I'm currently blocked by this same error.
Ubuntu 18.04
GTX 1660; Driver 418.56; CUDA 10.1 (even though I followed the instructions for 10.0...)

adwellj on 9 Apr 2019

@adwellj Nope I'm training on CPU until this is resolved.

bobiblazeski on 9 Apr 2019

@bobiblazeski, I punted over to trying on Windows and finally just got this working. I had to drop down to tfjs-node-gpu version 0.3.2 due to node-gyp issues.

However, once I finally got it to install, I later ran in to this same CuDNN issue!

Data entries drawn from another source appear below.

(* Let $\mathcal{I}=\langle N,T,\{O_t\}_{t\in[T]},\mathbf{v}\rangle$ be an informed online fair division instance with $T$ rounds and $m$ items in total, in which several items may arrive in the same round. Label the items $o_1,\dots,o_m$ so that whenever $o_j\in O_r$, $o_{j'}\in O_{r'}$ and $r<r'$, we have $j<j'$ (items within a round are ordered arbitrarily), and let $\mathcal{I}^{=1}=\langle N,m,\{\widetilde O_t\}_{t\in[m]},\mathbf{v}\rangle$ be the instance with the same agents and valuations, $m$ rounds, and $\widetilde O_t=\{o_t\}$ for every $t\in[m]$. If a TEF1 allocation exists for $\mathcal{I}^{=1}$, then a TEF1 allocation exists for $\mathcal{I}$.
   Context: An instance $\langle N,T,\{O_t\}_{t\in[T]},\mathbf{v}\rangle$ consists of agents $N=[n]$, and pairwise disjoint sets $O_1,\dots,O_T$ of indivisible items, where $O_t$ is the set of items arriving in round $t$; $O^t=\bigcup_{\ell\le t}O_\ell$ and $O=O^T$. Each agent $i$ has an additive valuation $v_i:2^O\to\mathbb{R}$, $v_i(S)=\sum_{o\in S}v_i(o)$. Either all items are goods ($v_i(o)\ge 0$ for all $i,o$) or all are chores ($v_i(o)\le0$ for all $i,o$). An allocation $\mathcal{A}=(A_1,\dots,A_n)$ is an ordered partition of $O$; for $t\in[T]$, $\mathcal{A}^t=(A_1\cap O^t,\dots,A_n\cap O^t)$. An allocation $(B_1,\dots,B_n)$ is EF1 if for all $i,j\in N$ there is a good $g\in B_j$ with $v_i(B_i)\ge v_i(B_j\setminus\{g\})$ (goods case), resp. a chore $c\in B_i$ with $v_i(B_i\setminus\{c\})\ge v_i(B_j)$ (chores case); this holds vacuously-as-true when the relevant bundle is empty and there is no envy (i.e. if $v_i(B_i)\ge v_i(B_j)$). An allocation $\mathcal{A}$ is TEF1 (temporal EF1) if $\mathcal{A}^t$ is EF1 for every $t\in[T]$. *)

theory Defs
  imports Complex_Main
begin

datatype item_kind = Goods | Chores

text \<open>Agents are 1..n, rounds are 1..T, O t is the set of items arriving in round t.\<close>

definition items_upto :: "(nat \<Rightarrow> 'o set) \<Rightarrow> nat \<Rightarrow> 'o set" where
  "items_upto Ob t = (\<Union>l\<in>{1..t}. Ob l)"

definition val :: "(nat \<Rightarrow> 'o \<Rightarrow> real) \<Rightarrow> nat \<Rightarrow> 'o set \<Rightarrow> real" where
  "val v i S = (\<Sum>x\<in>S. v i x)"

definition signs_ok :: "item_kind \<Rightarrow> nat \<Rightarrow> (nat \<Rightarrow> 'o \<Rightarrow> real) \<Rightarrow> 'o set \<Rightarrow> bool" where
  "signs_ok k n v S = (case k of
      Goods \<Rightarrow> (\<forall>i\<in>{1..n}. \<forall>x\<in>S. v i x \<ge> 0)
    | Chores \<Rightarrow> (\<forall>i\<in>{1..n}. \<forall>x\<in>S. v i x \<le> 0))"

definition is_allocation :: "nat \<Rightarrow> 'o set \<Rightarrow> (nat \<Rightarrow> 'o set) \<Rightarrow> bool" where
  "is_allocation n S A =
     ((\<forall>i\<in>{1..n}. \<forall>j\<in>{1..n}. i \<noteq> j \<longrightarrow> A i \<inter> A j = {}) \<and>
      (\<Union>i\<in>{1..n}. A i) = S)"

definition EF1 :: "item_kind \<Rightarrow> nat \<Rightarrow> (nat \<Rightarrow> 'o \<Rightarrow> real) \<Rightarrow> (nat \<Rightarrow> 'o set) \<Rightarrow> bool" where
  "EF1 k n v B = (\<forall>i\<in>{1..n}. \<forall>j\<in>{1..n}.
      val v i (B i) \<ge> val v i (B j) \<or>
      (case k of
         Goods \<Rightarrow> (\<exists>g\<in>B j. val v i (B i) \<ge> val v i (B j - {g}))
       | Chores \<Rightarrow> (\<exists>c\<in>B i. val v i (B i - {c}) \<ge> val v i (B j))))"

definition TEF1 :: "item_kind \<Rightarrow> nat \<Rightarrow> (nat \<Rightarrow> 'o \<Rightarrow> real) \<Rightarrow> (nat \<Rightarrow> 'o set) \<Rightarrow> nat
                    \<Rightarrow> (nat \<Rightarrow> 'o set) \<Rightarrow> bool" where
  "TEF1 k n v Ob T A = (\<forall>t\<in>{1..T}. EF1 k n v (\<lambda>i. A i \<inter> items_upto Ob t))"

end

theory Submission
  imports Defs
begin

text \<open>Because labels increase with the rounds, the items that have arrived by round t
  are exactly the items with labels 1, ..., s for some s \<le> m. Hence the allocation of the
  single-item instance restricted to the items of the first t rounds is its restriction to the
  first s rounds, which is EF1.\<close>

lemma items_upto_singletons: "items_upto (\<lambda>t. {f t}) s = f ` {1..s}"
  unfolding items_upto_def by auto

lemma items_upto_mono: "t \<le> T \<Longrightarrow> items_upto Ob t \<subseteq> items_upto Ob T"
  unfolding items_upto_def by (auto intro!: bexI)

lemma EF1_empty: "EF1 k n v (\<lambda>i. {})"
  unfolding EF1_def val_def by auto

lemma downward_closed_eq_atLeastAtMost:
  fixes J :: "nat set"
  assumes sub: "J \<subseteq> {1..m}"
    and down: "\<And>j j'. j \<in> J \<Longrightarrow> 1 \<le> j' \<Longrightarrow> j' \<le> j \<Longrightarrow> j' \<in> J"
  shows "\<exists>s\<le>m. J = {1..s}"
proof (cases "J = {}")
  case True
  then show ?thesis by auto
next
  case False
  have fin: "finite J" using sub finite_subset by blast
  then have "Max J \<in> J" using False by simp
  then have "J = {1..Max J}" using fin sub down by (auto intro: Max_ge)
  moreover have "Max J \<le> m" using \<open>Max J \<in> J\<close> sub by auto
  ultimately show ?thesis by blast
qed

lemma items_upto_eq_label_prefix:
  fixes ord :: "nat \<Rightarrow> 'o" and m T t :: nat
  assumes lab_img: "ord ` {1..m} = items_upto Ob T"
    and lab_order: "\<forall>j\<in>{1..m}. \<forall>j'\<in>{1..m}. \<forall>r\<in>{1..T}. \<forall>r'\<in>{1..T}.
                      ord j \<in> Ob r \<longrightarrow> ord j' \<in> Ob r' \<longrightarrow> r < r' \<longrightarrow> j < j'"
    and "t \<le> T"
  shows "\<exists>s\<le>m. items_upto Ob t = ord ` {1..s}"
proof -
  define J where "J = {j\<in>{1..m}. ord j \<in> items_upto Ob t}"
  have "ord ` J = items_upto Ob t"
    using items_upto_mono[OF \<open>t \<le> T\<close>, of Ob] lab_img unfolding J_def by fastforce
  moreover have "\<exists>s\<le>m. J = {1..s}"
  proof (rule downward_closed_eq_atLeastAtMost)
    fix j j' assume "j \<in> J" "1 \<le> j'" "j' \<le> j"
    then have j: "j \<in> {1..m}" and j': "j' \<in> {1..m}" unfolding J_def by auto
    obtain r where r: "r \<in> {1..t}" "ord j \<in> Ob r"
      using \<open>j \<in> J\<close> unfolding J_def items_upto_def by auto
    have "ord j' \<in> items_upto Ob T"
      using j' lab_img by blast
    then obtain r' where r': "r' \<in> {1..T}" "ord j' \<in> Ob r'"
      unfolding items_upto_def by blast
    have "\<not> t < r'"
      using lab_order j j' r r' \<open>j' \<le> j\<close> \<open>t \<le> T\<close> by fastforce
    then show "j' \<in> J"
      using j' r' unfolding J_def items_upto_def by auto
  qed (auto simp: J_def)
  ultimately show ?thesis by metis
qed

lemma TEF1_singletons_EF1_prefix:
  assumes "TEF1 k n v (\<lambda>t. {ord t}) m A" and "s \<le> m"
  shows "EF1 k n v (\<lambda>i. A i \<inter> ord ` {1..s})"
proof (cases "s = 0")
  case True
  then show ?thesis using EF1_empty by simp
next
  case False
  then show ?thesis
    using assms unfolding TEF1_def items_upto_singletons by simp
qed

theorem lemma1:
  fixes n T m :: nat
    and Ob :: "nat \<Rightarrow> 'o set"
    and v :: "nat \<Rightarrow> 'o \<Rightarrow> real"
    and k :: item_kind
    and ord :: "nat \<Rightarrow> 'o"
  assumes disj: "\<forall>t1\<in>{1..T}. \<forall>t2\<in>{1..T}. t1 \<noteq> t2 \<longrightarrow> Ob t1 \<inter> Ob t2 = {}"
    and signs: "signs_ok k n v (items_upto Ob T)"
    and lab_bij: "bij_betw ord {1..m} (items_upto Ob T)"
    and lab_order: "\<forall>j\<in>{1..m}. \<forall>j'\<in>{1..m}. \<forall>r\<in>{1..T}. \<forall>r'\<in>{1..T}.
                      ord j \<in> Ob r \<longrightarrow> ord j' \<in> Ob r' \<longrightarrow> r < r' \<longrightarrow> j < j'"
    and single: "\<exists>A. is_allocation n (items_upto (\<lambda>t. {ord t}) m) A \<and>
                     TEF1 k n v (\<lambda>t. {ord t}) m A"
  shows "\<exists>A. is_allocation n (items_upto Ob T) A \<and> TEF1 k n v Ob T A"
proof -
  obtain A where alloc: "is_allocation n (items_upto (\<lambda>t. {ord t}) m) A"
    and tef: "TEF1 k n v (\<lambda>t. {ord t}) m A"
    using single by blast
  have lab_img: "ord ` {1..m} = items_upto Ob T"
    using lab_bij by (simp add: bij_betw_def)
  have "EF1 k n v (\<lambda>i. A i \<inter> items_upto Ob t)" if "t \<in> {1..T}" for t
  proof -
    obtain s where "s \<le> m" and "items_upto Ob t = ord ` {1..s}"
      using items_upto_eq_label_prefix[OF lab_img lab_order, of t] \<open>t \<in> {1..T}\<close> by auto
    then show ?thesis using TEF1_singletons_EF1_prefix[OF tef] by simp
  qed
  then have "TEF1 k n v Ob T A"
    unfolding TEF1_def by blast
  moreover have "is_allocation n (items_upto Ob T) A"
    using alloc lab_img by (simp add: items_upto_singletons)
  ultimately show ?thesis by blast
qed

end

Fortunately, using CUDA 9.0 (needed for 0.3.2 compatibility) I got a better error message before the "This is probably because cuDNN failed to initialize..." message, stating that tfjs-node-gpu was built against CuDNN version 7.2. Once I downloaded that version, everything is working.

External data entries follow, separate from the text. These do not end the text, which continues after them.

(* Let $p>5$ be a prime. Then $$\sum_{k=1}^{p-1}\frac{H_k^{(2)}}{(2k-1)16^k}\binom{2k}{k}^2\equiv4+p^2\left(4+8p-16p\,q_p(2)+\frac{2}{3}pB_{p-3}\right)\pmod{p^4}$$ and $$\sum_{k=1}^{\frac{p-1}{2}}\frac{H_k^{(2)}}{(2k-1)16^k}\binom{2k}{k}^2\equiv4-p\left(4+8p\,q_p(2)+\frac{7}{3}pB_{p-3}\right)\pmod{p^3}.$$
   Context: $H_n^{(2)}=\sum_{j=1}^n j^{-2}$. $q_p(2)=(2^{p-1}-1)/p$ is the Fermat quotient. Bernoulli numbers: $\sum_{n\ge0}B_nt^n/n!=t/(e^t-1)$. Congruences are between $p$-adic integers (rationals with denominator prime to $p$). *)

theory Defs
  imports "HOL-Computational_Algebra.Computational_Algebra"
begin

definition bernoulli :: "nat \<Rightarrow> rat" where
  "bernoulli n = fact n * fps_nth (fps_X / (fps_exp 1 - 1)) n"

definition harm2 :: "nat \<Rightarrow> rat" where
  "harm2 n = (\<Sum>j=1..n. 1 / (of_nat j)^2)"

definition fermat_quot2 :: "nat \<Rightarrow> rat" where
  "fermat_quot2 p = (2^(p-1) - 1) / of_nat p"

text \<open>Congruence of rationals modulo an integer m: x - y = a/b with b coprime to m
  and m dividing a (p-adic integers congruence when m is a prime power).\<close>
definition qcong :: "rat \<Rightarrow> rat \<Rightarrow> int \<Rightarrow> bool" where
  "qcong x y m \<longleftrightarrow> (\<exists>a b. b \<noteq> 0 \<and> x - y = of_int a / of_int b \<and> coprime b m \<and> m dvd a)"

end

theory Submission
  imports Defs "HOL-Number_Theory.Residues"
begin

text \<open>
  Both sums telescope: with \<open>w(N) = (2N+1) C(2N,N)^2 / 16^N\<close>, the partial sum up to \<open>N\<close>
  equals \<open>4 - (4 + H2(N)) w(N)\<close>, where \<open>H2\<close> is the second-order harmonic number. Here
  \<open>w((p-1)/2) = p C(p-1,(p-1)/2)^2 / (2^(p-1))^2\<close> and
  \<open>w(p-1) = p^2 (C(2p,p)/2)^2 / ((2p-1) (2^(p-1))^4)\<close>. Since \<open>2^(p-1) = 1 + p q\<close>,
  \<open>C(2p,p) \<equiv> 2\<close> and \<open>C(p-1,(p-1)/2)^2 \<equiv> 1 + 4pq\<close> modulo \<open>p^2\<close>, the two congruences reduce
  to \<open>H2(p-1) \<equiv> 2/3 p B(p-3)\<close> and \<open>H2((p-1)/2) \<equiv> 7/3 p B(p-3)\<close> modulo \<open>p^2\<close>.

  Pairing \<open>j\<close> with \<open>p - j\<close>, and \<open>2j\<close> with \<open>p - 2j\<close>, in \<open>H2(p-1)\<close> yields two linear
  relations between these two harmonic sums and \<open>p T\<close>, where \<open>T = \<Sum>j\<le>(p-1)/2. 1/j^3\<close>.
  The same pairings applied to \<open>\<Sum>j<p. j^(p-3) \<equiv> p B(p-3) (mod p^2)\<close>, a consequence of
  Faulhaber's formula, show \<open>T \<equiv> -2 B(p-3) (mod p)\<close>. The argument only needs \<open>p > 3\<close>.
\<close>

section \<open>Rationals integral at \<open>p\<close> and congruences modulo powers of \<open>p\<close>\<close>

definition p_integral :: "nat \<Rightarrow> rat \<Rightarrow> bool" where
  "p_integral p x \<longleftrightarrow> (\<exists>a b::int. coprime b (int p) \<and> x = of_int a / of_int b)"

I haven't went back to see if I could get it to work on the LINUX install, but I'm hoping that this could just be a CuDNN version incompatibility issue that you could experiment with. Luckily CuDNN doesn't have an install / uninstall process; it's simply copying the extracted files in to a dedicated directory that you include in your system path.

I hope that helps give you some possible direction!

adwellj on 10 Apr 2019

👍2

As explained in https://github.com/tensorflow/tfjs/issues/671#issuecomment-494832790

There is workaround by setting global variable
export TF_FORCE_GPU_ALLOW_GROWTH=true

piercus on 1 Oct 2019

👍6

@adwellj Nope I'm training on CPU until this is resolved.

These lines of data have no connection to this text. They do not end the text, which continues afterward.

(* Consider an elimination path of length $\ell$ accessed by some set of processes, against any adversary. Then at most one process wins, and in any execution in which at least one process accesses the path and all accessing processes complete, not all of them lose. Moreover, if $k\le\ell$ processes access the elimination path, then no process visits a node with index $j>k$, and no process falls off the path.
   Context: Deterministic splitter: an object with a one-time operation $\mathrm{split}()$ returning $\mathrm{stop}$, $\mathrm{left}$ or $\mathrm{right}$, such that if $m\ge1$ processes call it, at most one stops, at most $m-1$ turn left and at most $m-1$ turn right (so a lone caller stops); moreover a process that stops or turns right invoked $\mathrm{split}()$ before any other $\mathrm{split}()$ call on the same object responded. A 2-process TAS object supports $\mathrm{TAS}(i)$, $i\in\{1,2\}$, called by at most two processes with distinct $i$; it returns $0$ (win) to at most one caller, and to exactly one if both complete (and to a lone caller). Elimination path of length $\ell$: nodes $1,\dots,\ell$, node $i$ holding a deterministic splitter $S_i$ and a 2-process TAS object $T_i$. A process enters at node $1$. At node $i$ it calls $S_i.\mathrm{split}()$: if it turns left it loses and stops; if it turns right it moves to node $i+1$ if $i<\ell$, and falls off the path (taking no more steps in the path) if $i=\ell$; if it stops at $S_i$, it calls $T_i.\mathrm{TAS}(1)$ and then moves back toward node $1$: whenever it has won $T_j$ with $j>1$ it calls $T_{j-1}.\mathrm{TAS}(2)$; if it loses any of these TAS calls it loses. A process wins the elimination path if it wins $T_1$. *)

theory Defs
  imports Main
begin

datatype sresp = Stop | Left | Right

(* Events of an execution: invocations and responses of operations on the
   objects of node i.  RespTAS p i True means TAS returned 0 (win). *)
datatype 'p event =
    InvSplit 'p nat
  | RespSplit 'p nat sresp
  | InvTAS 'p nat nat
  | RespTAS 'p nat bool

fun evp :: "'p event \<Rightarrow> 'p" where
  "evp (InvSplit p i) = p"
| "evp (RespSplit p i r) = p"
| "evp (InvTAS p i a) = p"
| "evp (RespTAS p i w) = p"

datatype pstate =
    AtSplit nat
  | WaitSplit nat
  | AtTas nat nat
  | WaitTas nat nat
  | Won | Lost | FellOff

fun pstep :: "nat \<Rightarrow> pstate \<Rightarrow> 'p event \<Rightarrow> pstate option" where
  "pstep l (AtSplit i) (InvSplit p j) = (if i = j then Some (WaitSplit i) else None)"
| "pstep l (WaitSplit i) (RespSplit p j r) =
     (if i \<noteq> j then None else
      (case r of Left \<Rightarrow> Some Lost
               | Right \<Rightarrow> (if i < l then Some (AtSplit (Suc i)) else Some FellOff)
               | Stop \<Rightarrow> Some (AtTas i 1)))"
| "pstep l (AtTas i a) (InvTAS p j b) = (if i = j \<and> a = b then Some (WaitTas i a) else None)"
| "pstep l (WaitTas i a) (RespTAS p j w) =
     (if i \<noteq> j then None else
      (if w then (if i = 1 then Some Won else Some (AtTas (i - 1) 2)) else Some Lost))"
| "pstep l s e = None"

fun exec_from :: "nat \<Rightarrow> ('p \<Rightarrow> pstate) \<Rightarrow> 'p event list \<Rightarrow> ('p \<Rightarrow> pstate) option" where
  "exec_from l s [] = Some s"
| "exec_from l s (e # es) =
     (case pstep l (s (evp e)) e of
        None \<Rightarrow> None
      | Some q \<Rightarrow> exec_from l (s(evp e := q)) es)"

definition exec :: "nat \<Rightarrow> 'p event list \<Rightarrow> ('p \<Rightarrow> pstate) option" where
  "exec l tr = exec_from l (\<lambda>_. AtSplit 1) tr"

definition accessing :: "'p event list \<Rightarrow> 'p set" where
  "accessing tr = {p. \<exists>e \<in> set tr. evp e = p}"

definition completed :: "pstate \<Rightarrow> bool" where
  "completed s \<longleftrightarrow> s = Won \<or> s = Lost \<or> s = FellOff"

fun node_of :: "pstate \<Rightarrow> nat option" where
  "node_of (AtSplit i) = Some i"
| "node_of (WaitSplit i) = Some i"
| "node_of (AtTas i a) = Some i"
| "node_of (WaitTas i a) = Some i"
| "node_of _ = None"

definition visits :: "nat \<Rightarrow> 'p event list \<Rightarrow> 'p \<Rightarrow> nat \<Rightarrow> bool" where
  "visits l tr p j \<longleftrightarrow>
     (\<exists>n \<le> length tr. \<exists>s. exec l (take n tr) = Some s \<and> node_of (s p) = Some j)"

definition splitter_ok :: "nat \<Rightarrow> 'p event list \<Rightarrow> bool" where
  "splitter_ok i tr \<longleftrightarrow>
     (let m = card {p. InvSplit p i \<in> set tr} in
        card {p. RespSplit p i Stop \<in> set tr} \<le> 1
      \<and> card {p. RespSplit p i Left \<in> set tr} \<le> m - 1
      \<and> card {p. RespSplit p i Right \<in> set tr} \<le> m - 1
      \<and> (\<forall>c d p q r r'. c < length tr \<longrightarrow> d < length tr \<longrightarrow>
            tr ! c = InvSplit p i \<longrightarrow> RespSplit p i r \<in> set tr \<longrightarrow> r \<noteq> Left \<longrightarrow>
            tr ! d = RespSplit q i r' \<longrightarrow> q \<noteq> p \<longrightarrow> c < d))"

definition tas_used_ok :: "nat \<Rightarrow> 'p event list \<Rightarrow> bool" where
  "tas_used_ok i tr \<longleftrightarrow>
     (\<forall>p a. InvTAS p i a \<in> set tr \<longrightarrow> a \<in> {1, 2})
   \<and> (\<forall>p q a b. InvTAS p i a \<in> set tr \<longrightarrow> InvTAS q i b \<in> set tr \<longrightarrow> p \<noteq> q \<longrightarrow> a \<noteq> b)
   \<and> (\<forall>p. length (filter (\<lambda>e. \<exists>a. e = InvTAS p i a) tr) \<le> 1)"

definition tas_ok :: "nat \<Rightarrow> 'p event list \<Rightarrow> bool" where
  "tas_ok i tr \<longleftrightarrow>
     (\<forall>p q. RespTAS p i True \<in> set tr \<longrightarrow> RespTAS q i True \<in> set tr \<longrightarrow> p = q)
   \<and> (((\<exists>p a. InvTAS p i a \<in> set tr) \<and>
        (\<forall>p a. InvTAS p i a \<in> set tr \<longrightarrow> (\<exists>w. RespTAS p i w \<in> set tr)))
       \<longrightarrow> (\<exists>p. RespTAS p i True \<in> set tr))"

(* the adversary may choose any responses consistent with the object specifications *)
definition objects_ok :: "nat \<Rightarrow> 'p event list \<Rightarrow> bool" where
  "objects_ok l tr \<longleftrightarrow>
     (\<forall>i \<in> {1..l}. splitter_ok i tr \<and> (tas_used_ok i tr \<longrightarrow> tas_ok i tr))"

end

theory Submission
  imports Defs
begin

have you solve to use GPU ?

3lk0k0 on 30 Jan 2020

I am having this issue too, but it seems to resolve itself only when I restart my computer. This seems rather odd to me. I notice that the issue tends to happen after terminating my application(s) that utilize tfjs.

EDIT: I tried adding TF_FORCE_GPU_ALLOW_GROWTH=true as an environment variable, and it seemed to have worked briefly, but upon trying to run my program once more, the error started appearing again.